2. Patient Satisfaction Scores: Patient satisfaction is an essential aspect of healthcare quality. TPS may include patient satisfaction scores obtained through surveys or other feedback mechanisms. These scores reflect the organization's ability to provide a positive patient experience and meet patient expectations.

3. Compliance with Regulatory Requirements: Healthcare organizations must comply with numerous regulatory requirements, such as HIPAA, EHR meaningful use, and billing and coding guidelines. TPS may consider the organization's compliance with these regulations as a factor in assessing overall performance.

4. Financial Performance: TPS often incorporates financial performance indicators, such as net revenue, operating margin, and accounts receivable turnover. These indicators provide insights into the organization's financial stability and profitability.5. Benchmarking: TPS may also involve benchmarking the organization's performance against industry standards or peer organizations. This allows for a comparison of performance and identification of areas where improvements can be made.

Once the relevant metrics and indicators are identified, each component is assigned a weightage based on its importance and contribution to the overall performance. These weights are then used to calculate the TPS by aggregating the scores of individual components.

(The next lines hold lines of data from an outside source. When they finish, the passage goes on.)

(* Let $G$ be a looped simple graph with vertices listed as $v_1,\dots,v_n$. The following are equivalent: (1) there is a sequence of $n-1$ pendant-twin reductions starting from $G$ in which the $i$-th reduction deletes the vertex $v_i$; (2) there is a sequence of $n-1$ isotropic parallel reductions starting from $M[IAS(G)]$ in which the $i$-th reduction removes the vertex triple of $v_i$.
   Context: A looped simple graph is a finite graph in which each vertex carries at most one loop and no two distinct vertices are joined by more than one edge. "Adjacent"/"neighbors" refer only to distinct vertices joined by a non-loop edge; $N_G(v)$ is the set of neighbors of $v$; the degree of $v$ is $|N_G(v)|$; $v$ is isolated if $N_G(v)=\emptyset$. $A(G)$ is the $V(G)\times V(G)$ matrix over $GF(2)$ with diagonal entry $1$ exactly at looped vertices and off-diagonal entry $1$ exactly for adjacent pairs. $IAS(G)=(I\mid A(G)\mid A(G)+I)$ over $GF(2)$, rows indexed by $V(G)$; the $v$-columns of the three blocks are labelled $\phi_G(v),\chi_G(v),\psi_G(v)$. $M[IAS(G)]$ is the binary column matroid of $IAS(G)$ on $W(G)=\{\phi_G(v),\chi_G(v),\psi_G(v):v\in V(G)\}$; $\tau_G(v)=\{\phi_G(v),\chi_G(v),\psi_G(v)\}$ is the vertex triple of $v$. Pendant-twin reduction of $G$: delete an isolated vertex; or delete a vertex $v$ that has a twin $w\neq v$, i.e. either $N_G(v)=N_G(w)\neq\emptyset$ (nonadjacent twins) or $N_G(v)\cup\{v\}=N_G(w)\cup\{w\}$ (adjacent twins); or delete a vertex of degree $1$. Isotropic parallel reduction: two elements are parallel in a matroid if both are loops or if they form a $2$-element circuit. If $\rho\ne\sigma$ are parallel elements of $M[IAS(G)]$ and $\rho$ is not of the form $\phi_G(\cdot)$, say $\rho\in\tau_G(v)$, the isotropic parallel reduction corresponding to $\rho,\sigma$ is the matroid obtained from $M[IAS(G)]$ by contracting $\phi_G(v)$ and deleting the other two elements of $\tau_G(v)$ (it "removes the vertex triple of $v$"); this matroid equals $M[IAS(G-v)]$ with the same element labels, so reductions can be iterated. *)

theory Defs
  imports Main "HOL-Library.Z2"
begin

text \<open>A looped simple graph: finite vertex set V, symmetric irreflexive adjacency E
on V (non-loop edges), and a set L \<subseteq> V of looped vertices (at most one loop each).\<close>

definition looped_graph :: "'a set \<Rightarrow> ('a \<Rightarrow> 'a \<Rightarrow> bool) \<Rightarrow> 'a set \<Rightarrow> bool" where
  "looped_graph V E L \<longleftrightarrow> finite V \<and> L \<subseteq> V \<and>
     (\<forall>x y. E x y \<longrightarrow> x \<in> V \<and> y \<in> V) \<and> (\<forall>x y. E x y \<longrightarrow> E y x) \<and> (\<forall>x. \<not> E x x)"

definition nbhd :: "'a set \<Rightarrow> ('a \<Rightarrow> 'a \<Rightarrow> bool) \<Rightarrow> 'a \<Rightarrow> 'a set" where
  "nbhd V E v = {w \<in> V. w \<noteq> v \<and> E v w}"

definition del_V :: "'a set \<Rightarrow> 'a set \<Rightarrow> 'a set" where "del_V V X = V - X"
definition del_E :: "('a \<Rightarrow> 'a \<Rightarrow> bool) \<Rightarrow> 'a set \<Rightarrow> 'a \<Rightarrow> 'a \<Rightarrow> bool" where
  "del_E E X = (\<lambda>x y. E x y \<and> x \<notin> X \<and> y \<notin> X)"
definition del_L :: "'a set \<Rightarrow> 'a set \<Rightarrow> 'a set" where "del_L L X = L - X"

definition pendant_twin_reduction :: "'a set \<Rightarrow> ('a \<Rightarrow> 'a \<Rightarrow> bool) \<Rightarrow> 'a set \<Rightarrow> 'a \<Rightarrow> bool" where
  "pendant_twin_reduction V E L v \<longleftrightarrow> v \<in> V \<and>
     (nbhd V E v = {}
      \<or> (\<exists>w\<in>V. w \<noteq> v \<and>
           ((nbhd V E v = nbhd V E w \<and> nbhd V E v \<noteq> {})
            \<or> nbhd V E v \<union> {v} = nbhd V E w \<union> {w}))
      \<or> card (nbhd V E v) = 1)"

datatype 'a elem = Phi 'a | Chi 'a | Psi 'a

definition ground :: "'a set \<Rightarrow> 'a elem set" where
  "ground V = {Phi v | v. v \<in> V} \<union> {Chi v | v. v \<in> V} \<union> {Psi v | v. v \<in> V}"

definition vtriple :: "'a \<Rightarrow> 'a elem set" where
  "vtriple v = {Phi v, Chi v, Psi v}"

definition adj_mat :: "('a \<Rightarrow> 'a \<Rightarrow> bool) \<Rightarrow> 'a set \<Rightarrow> 'a \<Rightarrow> 'a \<Rightarrow> bit" where
  "adj_mat E L x y = (if x = y then (if x \<in> L then 1 else 0) else (if E x y then 1 else 0))"

text \<open>Columns of IAS(G) = (I | A(G) | A(G)+I); rows indexed by V (row w of column e).\<close>
fun ias_col :: "('a \<Rightarrow> 'a \<Rightarrow> bool) \<Rightarrow> 'a set \<Rightarrow> 'a elem \<Rightarrow> 'a \<Rightarrow> bit" where
  "ias_col E L (Phi v) w = (if w = v then 1 else 0)"
| "ias_col E L (Chi v) w = adj_mat E L w v"
| "ias_col E L (Psi v) w = adj_mat E L w v + (if w = v then 1 else 0)"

Examples of Total Performance Score (TPS) in Healthcare RCM

Example 1:

A hospital calculates its Total Performance Score (TPS) by considering the following metrics: days in AR, denial rate, clean claim rate, patient satisfaction scores, compliance with regulatory requirements, and financial performance indicators. Each metric is assigned a weightage based on its significance. After aggregating the scores, the hospital obtains a TPS of 85 out of 100, indicating a relatively good overall performance.

Example 2:

A medical billing company calculates TPS for its clients by focusing on revenue cycle metrics, such as first-pass resolution rate, collection rate, and accounts receivable turnover. The company also considers client satisfaction scores and compliance with billing and coding guidelines. By calculating TPS for each client, the company can identify high-performing clients and those who may require additional support or improvement.

In both examples, TPS serves as a valuable tool for healthcare organizations to assess their performance, identify areas for improvement, and track progress over time. It provides a comprehensive view of the organization's financial and operational efficiency, enabling informed decision-making and strategic planning.